In this code chunk below, pairwise_cor() of widyr package is used to compute the correlation between newsgroup based on the common words found.
newsgroup_cors <- words_by_newsgroup %>%
pairwise_cor(newsgroup,
word,
n,
sort = TRUE)6.2 Visualising correlation as a network
Now, we can visualise the relationship between newgroups in network graph as shown below.
newsgroup_cors %>%
filter(correlation > .025) %>%
graph_from_data_frame() %>%
ggraph(layout = "fr") +
geom_edge_link(aes(alpha = correlation,
width = correlation)) +
geom_node_point(size = 6,
color = "lightblue") +
geom_node_text(aes(label = name),
color = "red",
repel = TRUE) +
theme_void()
Result differs from the original chapter as we are using seed 1234 instead of 2017.
6.3 Bigram
In this code chunk below, a bigram data frame is created by using unnest_tokens() of tidytext.
bigrams <- cleaned_text %>%
unnest_tokens(bigram,
text,
token = "ngrams",
n = 2)
bigrams# A tibble: 28,824 × 3
newsgroup id bigram
<chr> <chr> <chr>
1 alt.atheism 54256 <NA>
2 alt.atheism 54256 <NA>
3 alt.atheism 54256 as i
4 alt.atheism 54256 i don't
5 alt.atheism 54256 don't know
6 alt.atheism 54256 know this
7 alt.atheism 54256 this book
8 alt.atheism 54256 book i
9 alt.atheism 54256 i will
10 alt.atheism 54256 will use
# ℹ 28,814 more rows
6.4 Counting bigrams
The code chunk is used to count and sort the bigram data frame ascendingly.
bigrams_count <- bigrams %>%
filter(bigram != 'NA') %>%
count(bigram, sort = TRUE)
bigrams_count# A tibble: 19,885 × 2
bigram n
<chr> <int>
1 of the 169
2 in the 113
3 to the 74
4 to be 59
5 for the 52
6 i have 48
7 that the 47
8 if you 40
9 on the 39
10 it is 38
# ℹ 19,875 more rows
6.5 Cleaning bigram
The code chunk below is used to seperate the bigram into two words.
bigrams_separated <- bigrams %>%
filter(bigram != 'NA') %>%
separate(bigram, c("word1", "word2"),
sep = " ")
bigrams_filtered <- bigrams_separated %>%
filter(!word1 %in% stop_words$word) %>%
filter(!word2 %in% stop_words$word)
bigrams_filtered# A tibble: 4,604 × 4
newsgroup id word1 word2
<chr> <chr> <chr> <chr>
1 alt.atheism 54256 defines god
2 alt.atheism 54256 term preclues
3 alt.atheism 54256 science ideas
4 alt.atheism 54256 ideas drawn
5 alt.atheism 54256 supernatural precludes
6 alt.atheism 54256 scientific assertions
7 alt.atheism 54256 religious dogma
8 alt.atheism 54256 religion involves
9 alt.atheism 54256 involves circumventing
10 alt.atheism 54256 gain absolute
# ℹ 4,594 more rows
6.6 Counting the bigram again
After filtering out the bigrams with stop words, we will do a recount of the bigrams.

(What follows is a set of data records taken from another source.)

lemma A_adj_transfer:
  assumes i: "i \<in> {1..t}" and y: "y \<in> B i" "y' \<in> B i" "\<not> E y y'"
    and c: "c \<in> C i" "E y c" "E y' c"
    and x: "x \<in> A" "x' \<in> A" "E x y" "\<not> E x y'" "E x' y'" "\<not> E x' y"
    and u: "j \<in> {1..t}" "j \<noteq> i" "u \<in> B j" "E x u"
  shows "E x x' \<longleftrightarrow> E x' u"
proof -
  obtain cu where cu: "cu \<in> C j" "E u cu" using obtain_C_nbr[OF u(1,3)] .
  show ?thesis
  proof
    assume "E x x'"
    show "E x' u"
    proof (rule ccontr)
      assume "\<not> E x' u"
      with assms cu \<open>E x x'\<close> show False
        by - (rule no_induced_C6[of y' x' x u cu c], simp_all only: frame_simps)
    qed
  next
    assume "E x' u"
    show "E x x'"
    proof (rule ccontr)
      assume "\<not> E x x'"
      with assms \<open>E x' u\<close> show False
        by - (rule no_induced_C6[of y x u x' y' c], simp_all only: frame_simps)
    qed
  qed
qed

lemma C_nbr_shared_by_nonadj_pair:
  assumes i: "i \<in> {1..t}" and b: "b \<in> B i" "b' \<in> B i" "\<not> E b b'"
    and a: "a \<in> A" "E a b" "\<not> E a b'" and c: "c \<in> C i" "E b' c"
  shows "E b c"
proof (rule ccontr)
  assume "\<not> E b c"
  moreover obtain k e where e: "k \<in> {1..t}" "k \<noteq> i" "e \<in> B k" "E a e"
    using obtain_A_nbr_outside[OF a(1)] .
  moreover obtain l where l: "l \<in> {1..t}" "l \<noteq> i" "l \<noteq> k" using obtain_third_index[OF i e(1)] .
  moreover obtain w where "w \<in> C l" using C_nonempty[OF l(1)] by blast
  ultimately show False
    using assms by - (rule no_induced_2P3[of b a e b' c w], simp_all only: frame_simps)
qed

lemma nonadj_B_pair_adj_A_nbrs:
  assumes i: "i \<in> {1..t}" and b: "b \<in> B i" "b' \<in> B i" "\<not> E b b'" and c: "c \<in> C i" "E b c" "E b' c"
    and a: "a \<in> A" "a' \<in> A" "E a b" "\<not> E a b'" "E a' b'" "\<not> E a' b"
  shows "\<not> E a a'"
proof
  assume aa': "E a a'"
  obtain k e where e: "k \<in> {1..t}" "k \<noteq> i" "e \<in> B k" "E a e" using obtain_A_nbr_outside[OF a(1)] .
  obtain f where f: "f \<in> C k" "E e f" using obtain_C_nbr[OF e(1,3)] .
  obtain l where l: "l \<in> {1..t}" "l \<noteq> i" "l \<noteq> k" using obtain_third_index[OF i e(1)] .
  obtain v w where vw: "v \<in> B l" "w \<in> C l" "E v w" using obtain_B_C_edge[OF l(1)] .
  note transfer = A_adj_transfer[OF i b c a]
    and transfer' = A_adj_transfer[OF i b(2,1) _ c(1,3,2) a(2,1,5,6,3,4)]
  have "E a' e" using transfer[OF e] aa' by blast
  show False
  proof (cases "E a v")
    case True
    then have "E a' v" using transfer[OF l(1,2) vw(1)] aa' by blast
    with assms aa' e f l vw True \<open>E a' e\<close> show False
      by - (rule no_induced_T0[of a a' b b' e v c f w], simp_all only: frame_simps)
  next
    case False
    then have "\<not> E a' v" using transfer'[OF _ l(1,2) vw(1)] b(3) aa' E_sym by blast
    with assms aa' e f l vw False show False
      by - (rule no_induced_2P3[of b a a' v w f], simp_all only: frame_simps)
  qed
qed

lemma nonadj_B_pair_nonadj_A_nbrs:
  assumes i: "i \<in> {1..t}" and b: "b \<in> B i" "b' \<in> B i" "\<not> E b b'" and c: "c \<in> C i" "E b c" "E b' c"
    and a: "a \<in> A" "a' \<in> A" "E a b" "\<not> E a b'" "E a' b'" "\<not> E a' b"
  shows "E a a'"
proof (rule ccontr)
  assume aa': "\<not> E a a'"
  obtain k e where e: "k \<in> {1..t}" "k \<noteq> i" "e \<in> B k" "E a e" using obtain_A_nbr_outside[OF a(1)] .
  obtain k' e' where e': "k' \<in> {1..t}" "k' \<noteq> i" "e' \<in> B k'" "E a' e'"
    using obtain_A_nbr_outside[OF a(2)] .
  have "\<not> E a' e" "\<not> E a e'"
    using A_adj_transfer[OF i b c a e] A_adj_transfer[OF i b(2,1) _ c(1,3,2) a(2,1,5,6,3,4) e'] b(3) aa' E_sym
    by blast+
  show False
  proof (cases "E e e'")
    case True
    with assms aa' e e' \<open>\<not> E a' e\<close> \<open>\<not> E a e'\<close> show False
      by - (rule no_induced_C7[of b a e e' a' b' c], simp_all only: frame_simps)
  next
    case False
    with assms aa' e e' \<open>\<not> E a' e\<close> \<open>\<not> E a e'\<close> show False
      by - (rule no_induced_2P3[of b a e b' a' e'], simp_all only: frame_simps)
  qed
qed
theorem mainTheorem1:
  fixes N g :: nat and \<alpha> :: "nat \<Rightarrow> complex" and v :: "nat \<Rightarrow> real \<Rightarrow> complex"
    and lam :: "nat \<Rightarrow> real \<Rightarrow> complex" and S :: "real set" and x0 :: real and j :: nat
  assumes N3: "N \<ge> 3"
    and g_def: "N = 2*g + 1 \<or> N = 2*g + 2"
    and chain: "dressing_chain N \<alpha> v"
    and S: "open S" "x0 \<in> S"
    and zeros: "\<forall>y\<in>S. {l. Bent \<alpha> v N l y = 0} = (\<lambda>i. lam i y) ` {1..g}"
    and distinct: "\<forall>y\<in>S. inj_on (\<lambda>i. lam i y) {1..g}"
    and lam_diff: "\<forall>i\<in>{1..g}. lam i differentiable (at x0)"
    and z_nz: "\<forall>i\<in>{1..g}. Aent \<alpha> v N (lam i x0) x0 \<noteq> 0"
    and j: "j \<in> {1..g}"
  shows "(lam j has_vector_derivative
           ((Aent \<alpha> v N (lam j x0) x0
             - Qdet \<alpha> v N (lam j x0) x0 / Aent \<alpha> v N (lam j x0) x0)
            / deriv (\<lambda>l. Bent \<alpha> v N l x0) (lam j x0))) (at x0)
       \<and> ((\<lambda>y. Aent \<alpha> v N (lam j y) y) has_vector_derivative
           ((deriv (\<lambda>l. Ptr \<alpha> v N l x0) (lam j x0) * Aent \<alpha> v N (lam j x0) x0
             - deriv (\<lambda>l. Qdet \<alpha> v N l x0) (lam j x0))
            / deriv (\<lambda>l. Bent \<alpha> v N l x0) (lam j x0))) (at x0)"
proof -
  define L' where "L' = vector_derivative (lam j) (at x0)"
  have L: "(lam j has_vector_derivative L') (at x0)"
    using lam_diff j unfolding L'_def by (simp add: vector_derivative_works[symmetric])
  have on_zeros: "\<forall>y\<in>S. Bent \<alpha> v N (lam j y) y = 0"
    using zeros j by blast
  have "deriv (\<lambda>l. Bent \<alpha> v N l x0) (lam j x0) \<noteq> 0"
    using Bent_simple_zeros[OF g_def zeros[rule_format, OF S(2)] distinct[rule_format, OF S(2)] j] .
  moreover have "Aent \<alpha> v N (lam j x0) x0 \<noteq> 0"
    using z_nz j by blast
  ultimately show ?thesis
    using Bent_zero_curve_motion[OF chain L S on_zeros] by blast
qed
lemma hermitian_deflation:
  assumes A: "A \<in> carrier_mat (Suc m) (Suc m)" and herm: "dag A = A"
  shows "\<exists>U r C. unitary (Suc m) U \<and> C \<in> carrier_mat m m \<and> dag C = C \<and>
           A = U * prepend_diag (complex_of_real r) C * dag U"
proof -
  let ?n = "Suc m"
  from spectrum_non_empty[OF A] obtain lam where "eigenvalue A lam" unfolding spectrum_def by auto
  then obtain v where v: "v \<in> carrier_vec ?n" "v \<noteq> 0\<^sub>v ?n" "A *\<^sub>v v = lam \<cdot>\<^sub>v v"
    unfolding eigenvalue_def eigenvector_def using A by auto
  from unitary_with_first_col[OF v(1,2)] obtain U c where U: "unitary ?n U" and cU: "col U 0 = c \<cdot>\<^sub>v v"
    by auto
  have Uc: "U \<in> carrier_mat ?n ?n" using unitaryD[OF U] by simp
  have "A *\<^sub>v col U 0 = lam \<cdot>\<^sub>v col U 0"
    unfolding cU using A v by (simp add: mult_mat_vec smult_smult_assoc mult.commute)
  then have col0: "\<forall>i<?n. (dag U * A * U) $$ (i,0) = (if i = 0 then lam else 0)"
    using unitary_conj_first_col_eigen[OF U A] by blast
  have "dag (dag U * A * U) = dag U * A * U"
    using A Uc herm by (simp add: dag_mult assoc_mult_mat[of _ ?n ?n _ ?n _ ?n] mult_carrier_mat[of _ ?n ?n _ ?n])
  moreover have "dag U * A * U \<in> carrier_mat ?n ?n" using A Uc by auto
  ultimately obtain r C where C: "C \<in> carrier_mat m m" "dag C = C"
    and B: "dag U * A * U = prepend_diag (complex_of_real r) C"
    using hermitian_first_col_prepend_diag col0 by blast
  have "A = U * prepend_diag (complex_of_real r) C * dag U"
    using unitary_conj_dag[OF U A] B by simp
  with U C show ?thesis by blast
qed
lemma endpoint_bound_nonneg: "j \<le> K \<Longrightarrow> 0 \<le> duhamel_sum Wstep endpoint_source j"
proof (rule duhamel_sum_nonneg)
  fix m assume "j \<le> K" "1 \<le> m" "m \<le> j"
  then obtain l where m: "m = Suc l" "l < K" by (cases m) auto
  then show "0 \<le> Wstep m \<and> 0 \<le> endpoint_source m"
    using W_pos tau_pos[of l] tauhat_pos[of l] bounds_nonneg
    by (auto simp: endpoint_source_def less_imp_le intro!: add_nonneg_nonneg mult_nonneg_nonneg)
qed

lemma hJ_endpoint_le:
  "j \<le> K \<Longrightarrow> wnorm \<nu>F (h j (tg j)) \<le> ennreal (duhamel_sum Wstep endpoint_source j)"
proof (induction j)
  case 0
  show ?case by (simp add: wnorm_def)
next
  case (Suc j)
  then have j: "j < K" and i: "Suc j \<in> {1..K}" by auto
  have "wnorm \<nu>F (h (Suc j) (tg (Suc j)))
      \<le> ennreal (Wstep (Suc j) * (a + duhamel_sum Wstep endpoint_source j)
        + Wendq (Suc j) * b * ((tg (Suc j) - tg j) powr (1 - \<gamma>) / (1 - \<gamma>))
        + Wend (Suc j) * c * (tg (Suc j) - tg j))"
  proof (rule hJ_Suc_le[OF j _ order_refl])
    show "wnorm \<nu>F (h j (tg j)) \<le> ennreal (duhamel_sum Wstep endpoint_source j)"
      using Suc j by simp
    show "wnorm \<nu>F (U (Suc j) (tg (Suc j)) (tg j) y) \<le> ennreal (Wstep (Suc j)) * wnorm \<nu>F y"
      if "in_l1w \<nu>F y" for y
      using B_step[rule_format, of "Suc j" y] i that by simp
    show "ennreal ((tg (Suc j) - s) powr \<gamma>) * wnorm \<nu>F (U (Suc j) (tg (Suc j)) s (Q y))
        \<le> ennreal (Wendq (Suc j)) * wnorm \<nu>F y"
      if "s \<in> {tg j<..<tg (Suc j)}" "in_l1w \<nu>F y" for s y
      using B_endq[rule_format, of "Suc j" s y] i that by simp
    show "wnorm \<nu>F (U (Suc j) (tg (Suc j)) s y) \<le> ennreal (Wend (Suc j)) * wnorm \<nu>F y"
      if "s \<in> {tg j<..<tg (Suc j)}" "in_l1w \<nu>F y" for s y
      using B_end[rule_format, of "Suc j" s y] i that by simp
  qed (use tinc j endpoint_bound_nonneg[of j] W_pos i in \<open>auto simp: less_imp_le\<close>)
  also have "\<dots> = ennreal (duhamel_sum Wstep endpoint_source (Suc j))"
    by (simp add: duhamel_sum_Suc endpoint_source_def tau_def tauhat_def algebra_simps)
  finally show ?case .
qed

bigram_counts <- bigrams_filtered %>%
count(word1, word2, sort = TRUE)6.7 Create a network graph from bigram data frame
In the code chunk below, a network graph is created by using graph_from_data_frame() of igraph package.
bigram_graph <- bigram_counts %>%
filter(n > 3) %>%
graph_from_data_frame()
bigram_graphIGRAPH ffd2c94 DN-- 40 24 --
+ attr: name (v/c), n (e/n)
+ edges from ffd2c94 (vertex names):
[1] 1 ->2 1 ->3 static ->void
[4] time ->pad 1 ->4 infield ->fly
[7] mat ->28 vv ->vv 1 ->5
[10] cock ->crow noticeshell->widget 27 ->1993
[13] 3 ->4 child ->molestation cock ->crew
[16] gun ->violence heat ->sink homosexual ->male
[19] homosexual ->women include ->xol mary ->magdalene
[22] read ->write rev ->20 tt ->ee
6.8 Visualizing a network of bigrams with ggraph
In this code chunk below, ggraph package is used to plot the bigram.
ggraph(bigram_graph, layout = "fr") +
geom_edge_link() +
geom_node_point() +
geom_node_text(aes(label = name),
vjust = 1,
hjust = 1)
6.9 Revised version
We can improve the visualization by adding some color and some directional arrows.
a <- grid::arrow(type = "closed",
length = unit(.15,
"inches"))
ggraph(bigram_graph,
layout = "fr") +
geom_edge_link(aes(edge_alpha = n),
show.legend = FALSE,
arrow = a,
end_cap = circle(.02,
'inches')) +
geom_node_point(color = "lightblue",
size = 2) +
geom_node_text(aes(label = name),
vjust = 1,
hjust = 1) +
theme_void()
7 Reflections
This exercise exposed me for more methods of visualizing texts and the steps in doing data wrangling for text data.
Previously, I mostly was more familiar with Word Cloud. Now, tools to visualize word associations are added to my toolbox.